**** ENTRIES SUPPLIED ****

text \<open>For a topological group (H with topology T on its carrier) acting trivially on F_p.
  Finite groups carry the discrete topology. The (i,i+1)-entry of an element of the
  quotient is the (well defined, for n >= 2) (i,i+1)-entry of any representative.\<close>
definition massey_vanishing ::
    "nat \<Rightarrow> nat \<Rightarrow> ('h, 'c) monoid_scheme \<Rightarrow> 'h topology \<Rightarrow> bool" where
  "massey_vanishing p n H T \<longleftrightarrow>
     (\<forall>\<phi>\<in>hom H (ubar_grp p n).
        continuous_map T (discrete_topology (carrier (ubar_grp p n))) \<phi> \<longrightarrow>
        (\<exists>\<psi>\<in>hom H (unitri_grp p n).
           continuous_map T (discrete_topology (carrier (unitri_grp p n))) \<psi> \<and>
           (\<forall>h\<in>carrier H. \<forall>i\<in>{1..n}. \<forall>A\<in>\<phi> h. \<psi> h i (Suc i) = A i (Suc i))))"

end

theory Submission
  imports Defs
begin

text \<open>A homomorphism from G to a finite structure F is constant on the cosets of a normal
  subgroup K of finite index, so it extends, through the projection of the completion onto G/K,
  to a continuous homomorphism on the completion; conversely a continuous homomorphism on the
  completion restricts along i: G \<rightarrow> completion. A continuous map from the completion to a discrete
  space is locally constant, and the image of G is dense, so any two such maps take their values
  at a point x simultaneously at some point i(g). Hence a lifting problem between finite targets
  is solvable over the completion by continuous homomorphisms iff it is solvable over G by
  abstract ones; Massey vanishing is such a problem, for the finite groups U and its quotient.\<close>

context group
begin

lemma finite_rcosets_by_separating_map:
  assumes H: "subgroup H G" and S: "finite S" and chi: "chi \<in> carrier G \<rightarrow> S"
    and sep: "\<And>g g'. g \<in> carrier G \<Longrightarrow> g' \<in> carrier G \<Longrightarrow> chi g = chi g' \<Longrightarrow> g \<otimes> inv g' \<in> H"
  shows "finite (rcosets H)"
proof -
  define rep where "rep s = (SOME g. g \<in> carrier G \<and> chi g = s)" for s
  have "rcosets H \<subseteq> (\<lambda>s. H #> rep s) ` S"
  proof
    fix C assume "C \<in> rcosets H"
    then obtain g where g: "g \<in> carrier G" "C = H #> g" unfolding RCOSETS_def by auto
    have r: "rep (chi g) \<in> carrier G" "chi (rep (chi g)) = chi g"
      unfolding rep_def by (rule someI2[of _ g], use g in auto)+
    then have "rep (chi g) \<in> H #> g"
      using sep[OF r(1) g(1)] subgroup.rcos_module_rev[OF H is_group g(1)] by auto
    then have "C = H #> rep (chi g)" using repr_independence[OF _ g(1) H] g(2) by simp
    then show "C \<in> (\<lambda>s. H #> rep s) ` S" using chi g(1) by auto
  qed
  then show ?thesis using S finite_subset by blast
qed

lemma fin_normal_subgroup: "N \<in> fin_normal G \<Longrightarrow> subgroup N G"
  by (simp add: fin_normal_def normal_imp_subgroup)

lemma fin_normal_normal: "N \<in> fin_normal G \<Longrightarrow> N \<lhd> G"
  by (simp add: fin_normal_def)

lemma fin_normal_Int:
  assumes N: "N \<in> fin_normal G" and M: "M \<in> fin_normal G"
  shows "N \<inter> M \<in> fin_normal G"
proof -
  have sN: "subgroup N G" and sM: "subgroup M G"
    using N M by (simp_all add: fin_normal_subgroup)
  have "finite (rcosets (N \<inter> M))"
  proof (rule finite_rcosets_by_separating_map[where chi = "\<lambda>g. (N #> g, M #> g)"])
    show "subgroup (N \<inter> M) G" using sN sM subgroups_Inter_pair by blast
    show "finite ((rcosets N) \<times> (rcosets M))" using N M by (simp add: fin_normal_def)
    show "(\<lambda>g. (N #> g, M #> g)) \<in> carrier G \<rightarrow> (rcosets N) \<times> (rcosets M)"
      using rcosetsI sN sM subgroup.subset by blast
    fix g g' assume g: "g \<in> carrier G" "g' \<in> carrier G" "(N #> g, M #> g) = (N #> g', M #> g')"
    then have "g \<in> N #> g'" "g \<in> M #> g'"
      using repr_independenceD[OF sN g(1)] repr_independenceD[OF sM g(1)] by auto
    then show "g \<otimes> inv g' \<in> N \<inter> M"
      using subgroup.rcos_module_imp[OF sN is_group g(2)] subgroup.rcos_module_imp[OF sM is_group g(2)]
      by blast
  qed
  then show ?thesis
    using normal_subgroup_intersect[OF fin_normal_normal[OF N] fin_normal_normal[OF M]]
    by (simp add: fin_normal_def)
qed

****
**** ENTRIES SUPPLIED ****

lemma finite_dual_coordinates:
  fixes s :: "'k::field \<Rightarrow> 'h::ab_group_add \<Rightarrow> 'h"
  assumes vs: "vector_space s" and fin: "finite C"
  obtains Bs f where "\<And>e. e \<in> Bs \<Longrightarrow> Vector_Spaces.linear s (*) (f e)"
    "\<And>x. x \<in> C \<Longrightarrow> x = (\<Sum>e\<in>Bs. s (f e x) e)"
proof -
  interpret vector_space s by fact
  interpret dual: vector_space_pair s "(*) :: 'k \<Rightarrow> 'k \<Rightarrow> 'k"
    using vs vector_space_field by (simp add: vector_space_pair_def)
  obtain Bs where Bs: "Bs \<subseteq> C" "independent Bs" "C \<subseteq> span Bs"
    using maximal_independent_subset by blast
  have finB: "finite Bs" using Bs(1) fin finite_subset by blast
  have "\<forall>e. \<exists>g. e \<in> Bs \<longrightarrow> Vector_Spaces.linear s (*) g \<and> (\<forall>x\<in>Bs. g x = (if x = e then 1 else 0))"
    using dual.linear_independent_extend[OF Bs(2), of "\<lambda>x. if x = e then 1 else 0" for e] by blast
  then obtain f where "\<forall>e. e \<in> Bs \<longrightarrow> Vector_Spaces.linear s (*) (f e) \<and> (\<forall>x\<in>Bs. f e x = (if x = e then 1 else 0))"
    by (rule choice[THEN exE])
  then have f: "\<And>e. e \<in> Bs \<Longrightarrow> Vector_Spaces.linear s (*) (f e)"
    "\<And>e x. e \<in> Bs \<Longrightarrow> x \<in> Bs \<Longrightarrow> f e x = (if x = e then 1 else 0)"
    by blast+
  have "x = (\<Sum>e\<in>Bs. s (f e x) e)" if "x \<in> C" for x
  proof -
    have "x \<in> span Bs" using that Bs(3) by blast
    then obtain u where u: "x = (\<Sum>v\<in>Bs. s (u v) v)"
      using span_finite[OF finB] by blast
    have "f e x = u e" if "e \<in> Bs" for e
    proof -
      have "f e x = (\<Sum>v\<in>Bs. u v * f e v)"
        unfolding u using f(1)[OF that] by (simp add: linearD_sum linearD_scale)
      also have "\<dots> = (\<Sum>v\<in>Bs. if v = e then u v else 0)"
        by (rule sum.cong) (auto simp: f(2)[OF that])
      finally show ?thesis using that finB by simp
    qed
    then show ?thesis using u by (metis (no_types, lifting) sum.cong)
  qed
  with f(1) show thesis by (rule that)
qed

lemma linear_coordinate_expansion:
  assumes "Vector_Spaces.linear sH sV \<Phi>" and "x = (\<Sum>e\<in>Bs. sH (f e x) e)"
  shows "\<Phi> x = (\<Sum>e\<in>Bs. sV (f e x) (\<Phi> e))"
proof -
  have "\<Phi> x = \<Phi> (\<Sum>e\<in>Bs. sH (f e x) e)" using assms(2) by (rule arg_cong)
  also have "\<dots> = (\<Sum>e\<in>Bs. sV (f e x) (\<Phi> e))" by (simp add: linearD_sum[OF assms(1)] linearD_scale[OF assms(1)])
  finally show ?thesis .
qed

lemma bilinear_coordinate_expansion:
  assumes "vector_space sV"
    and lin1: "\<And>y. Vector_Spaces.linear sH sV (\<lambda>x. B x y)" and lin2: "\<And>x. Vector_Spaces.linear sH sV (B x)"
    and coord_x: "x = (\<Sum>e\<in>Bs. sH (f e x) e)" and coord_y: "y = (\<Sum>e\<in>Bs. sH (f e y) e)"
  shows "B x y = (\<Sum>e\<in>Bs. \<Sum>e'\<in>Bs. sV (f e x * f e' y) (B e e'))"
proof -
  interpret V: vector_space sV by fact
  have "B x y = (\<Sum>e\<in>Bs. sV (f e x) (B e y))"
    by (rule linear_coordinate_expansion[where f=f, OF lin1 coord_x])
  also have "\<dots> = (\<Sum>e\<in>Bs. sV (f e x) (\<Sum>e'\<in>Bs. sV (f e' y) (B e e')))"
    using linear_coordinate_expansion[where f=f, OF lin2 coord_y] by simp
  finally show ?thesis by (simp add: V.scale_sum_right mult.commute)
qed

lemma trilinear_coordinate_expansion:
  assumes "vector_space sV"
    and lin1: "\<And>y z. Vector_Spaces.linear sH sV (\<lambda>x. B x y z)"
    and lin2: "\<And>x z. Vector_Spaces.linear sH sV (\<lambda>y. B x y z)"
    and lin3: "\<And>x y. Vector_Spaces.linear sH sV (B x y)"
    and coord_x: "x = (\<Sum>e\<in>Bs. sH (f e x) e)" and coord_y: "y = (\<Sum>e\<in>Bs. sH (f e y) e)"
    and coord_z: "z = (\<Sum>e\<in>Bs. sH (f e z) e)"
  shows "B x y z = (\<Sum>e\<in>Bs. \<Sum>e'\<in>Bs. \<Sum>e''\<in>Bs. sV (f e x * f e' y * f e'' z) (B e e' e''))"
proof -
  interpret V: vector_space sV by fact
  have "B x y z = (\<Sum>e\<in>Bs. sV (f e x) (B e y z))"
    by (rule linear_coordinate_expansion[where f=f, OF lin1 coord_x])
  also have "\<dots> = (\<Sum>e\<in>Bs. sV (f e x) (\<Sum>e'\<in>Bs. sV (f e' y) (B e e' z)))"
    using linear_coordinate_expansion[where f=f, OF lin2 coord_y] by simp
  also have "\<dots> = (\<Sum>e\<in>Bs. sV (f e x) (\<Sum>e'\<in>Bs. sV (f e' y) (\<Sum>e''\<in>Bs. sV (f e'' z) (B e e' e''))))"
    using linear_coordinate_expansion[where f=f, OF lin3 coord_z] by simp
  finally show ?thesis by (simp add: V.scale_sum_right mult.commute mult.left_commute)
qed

****
**** ENTRIES SUPPLIED ****

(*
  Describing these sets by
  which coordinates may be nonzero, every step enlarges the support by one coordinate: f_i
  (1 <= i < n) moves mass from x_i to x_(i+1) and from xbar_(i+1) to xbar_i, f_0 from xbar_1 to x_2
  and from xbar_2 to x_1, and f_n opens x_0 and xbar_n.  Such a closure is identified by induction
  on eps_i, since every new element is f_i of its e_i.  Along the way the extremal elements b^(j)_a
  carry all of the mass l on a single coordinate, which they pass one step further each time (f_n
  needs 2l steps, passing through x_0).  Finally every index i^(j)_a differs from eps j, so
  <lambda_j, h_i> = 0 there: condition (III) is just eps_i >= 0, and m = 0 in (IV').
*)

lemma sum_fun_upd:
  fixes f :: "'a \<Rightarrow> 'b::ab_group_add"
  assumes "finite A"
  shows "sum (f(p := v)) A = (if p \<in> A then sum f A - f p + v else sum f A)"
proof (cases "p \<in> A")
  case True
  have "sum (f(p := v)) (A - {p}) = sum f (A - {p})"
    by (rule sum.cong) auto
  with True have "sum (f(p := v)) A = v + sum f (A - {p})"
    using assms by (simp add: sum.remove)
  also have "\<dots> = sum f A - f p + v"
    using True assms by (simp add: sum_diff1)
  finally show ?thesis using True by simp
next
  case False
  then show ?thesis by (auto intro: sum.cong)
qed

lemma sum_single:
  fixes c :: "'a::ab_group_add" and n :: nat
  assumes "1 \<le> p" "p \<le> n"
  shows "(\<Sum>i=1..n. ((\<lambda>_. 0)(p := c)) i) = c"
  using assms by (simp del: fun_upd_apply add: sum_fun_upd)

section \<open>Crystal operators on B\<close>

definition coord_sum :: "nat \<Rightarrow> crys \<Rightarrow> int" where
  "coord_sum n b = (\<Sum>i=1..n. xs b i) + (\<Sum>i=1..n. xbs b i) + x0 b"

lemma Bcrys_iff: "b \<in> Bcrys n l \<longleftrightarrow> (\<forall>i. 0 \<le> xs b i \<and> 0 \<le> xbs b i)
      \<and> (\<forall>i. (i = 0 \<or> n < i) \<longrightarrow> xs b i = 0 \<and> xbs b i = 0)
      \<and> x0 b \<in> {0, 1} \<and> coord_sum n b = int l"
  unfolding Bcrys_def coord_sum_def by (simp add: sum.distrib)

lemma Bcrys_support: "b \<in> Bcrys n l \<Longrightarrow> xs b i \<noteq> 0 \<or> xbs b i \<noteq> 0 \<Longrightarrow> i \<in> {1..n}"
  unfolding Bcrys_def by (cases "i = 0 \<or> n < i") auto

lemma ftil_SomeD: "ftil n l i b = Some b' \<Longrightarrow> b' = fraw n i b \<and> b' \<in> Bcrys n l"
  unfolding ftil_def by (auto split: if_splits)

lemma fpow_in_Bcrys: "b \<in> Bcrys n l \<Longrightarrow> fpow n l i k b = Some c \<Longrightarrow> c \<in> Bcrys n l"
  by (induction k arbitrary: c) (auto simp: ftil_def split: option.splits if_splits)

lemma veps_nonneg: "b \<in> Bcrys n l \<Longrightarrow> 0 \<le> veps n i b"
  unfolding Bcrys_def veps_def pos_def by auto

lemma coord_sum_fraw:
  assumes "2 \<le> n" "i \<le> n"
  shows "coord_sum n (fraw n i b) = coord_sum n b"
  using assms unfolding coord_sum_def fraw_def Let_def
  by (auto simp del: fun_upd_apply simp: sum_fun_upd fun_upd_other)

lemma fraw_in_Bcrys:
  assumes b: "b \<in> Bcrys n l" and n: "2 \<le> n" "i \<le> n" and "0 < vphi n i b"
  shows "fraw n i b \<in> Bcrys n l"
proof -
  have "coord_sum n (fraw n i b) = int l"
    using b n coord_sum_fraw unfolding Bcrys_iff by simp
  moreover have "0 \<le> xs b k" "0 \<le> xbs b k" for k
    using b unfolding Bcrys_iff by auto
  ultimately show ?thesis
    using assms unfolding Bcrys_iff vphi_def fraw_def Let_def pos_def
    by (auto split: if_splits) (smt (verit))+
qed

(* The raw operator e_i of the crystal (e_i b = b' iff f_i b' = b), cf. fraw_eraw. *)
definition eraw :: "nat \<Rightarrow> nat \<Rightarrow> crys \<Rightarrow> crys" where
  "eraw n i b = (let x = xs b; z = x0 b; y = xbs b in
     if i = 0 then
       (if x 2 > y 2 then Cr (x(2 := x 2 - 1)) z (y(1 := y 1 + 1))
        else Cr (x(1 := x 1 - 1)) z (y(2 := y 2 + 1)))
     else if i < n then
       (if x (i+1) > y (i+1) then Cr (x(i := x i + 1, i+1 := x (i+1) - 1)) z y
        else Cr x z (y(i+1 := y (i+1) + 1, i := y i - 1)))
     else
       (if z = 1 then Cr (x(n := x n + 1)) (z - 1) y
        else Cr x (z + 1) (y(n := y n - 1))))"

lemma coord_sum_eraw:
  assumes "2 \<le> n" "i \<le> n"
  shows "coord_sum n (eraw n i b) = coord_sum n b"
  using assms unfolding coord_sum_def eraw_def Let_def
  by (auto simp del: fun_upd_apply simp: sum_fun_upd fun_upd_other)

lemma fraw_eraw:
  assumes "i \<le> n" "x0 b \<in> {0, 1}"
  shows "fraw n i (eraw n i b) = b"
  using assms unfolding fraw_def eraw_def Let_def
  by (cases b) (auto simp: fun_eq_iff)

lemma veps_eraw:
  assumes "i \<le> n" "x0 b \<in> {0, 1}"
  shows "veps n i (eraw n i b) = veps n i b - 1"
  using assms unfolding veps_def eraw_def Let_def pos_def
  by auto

****

WHAT YOU WILL DO:
Where a line of the data holds "longleftrightarrow", show that line.

RESPONSE BOX:
  "massey_vanishing p n H T \<longleftrightarrow>
lemma Bcrys_iff: "b \<in> Bcrys n l \<longleftrightarrow> (\<forall>i. 0 \<le> xs b i \<and> 0 \<le> xbs b i)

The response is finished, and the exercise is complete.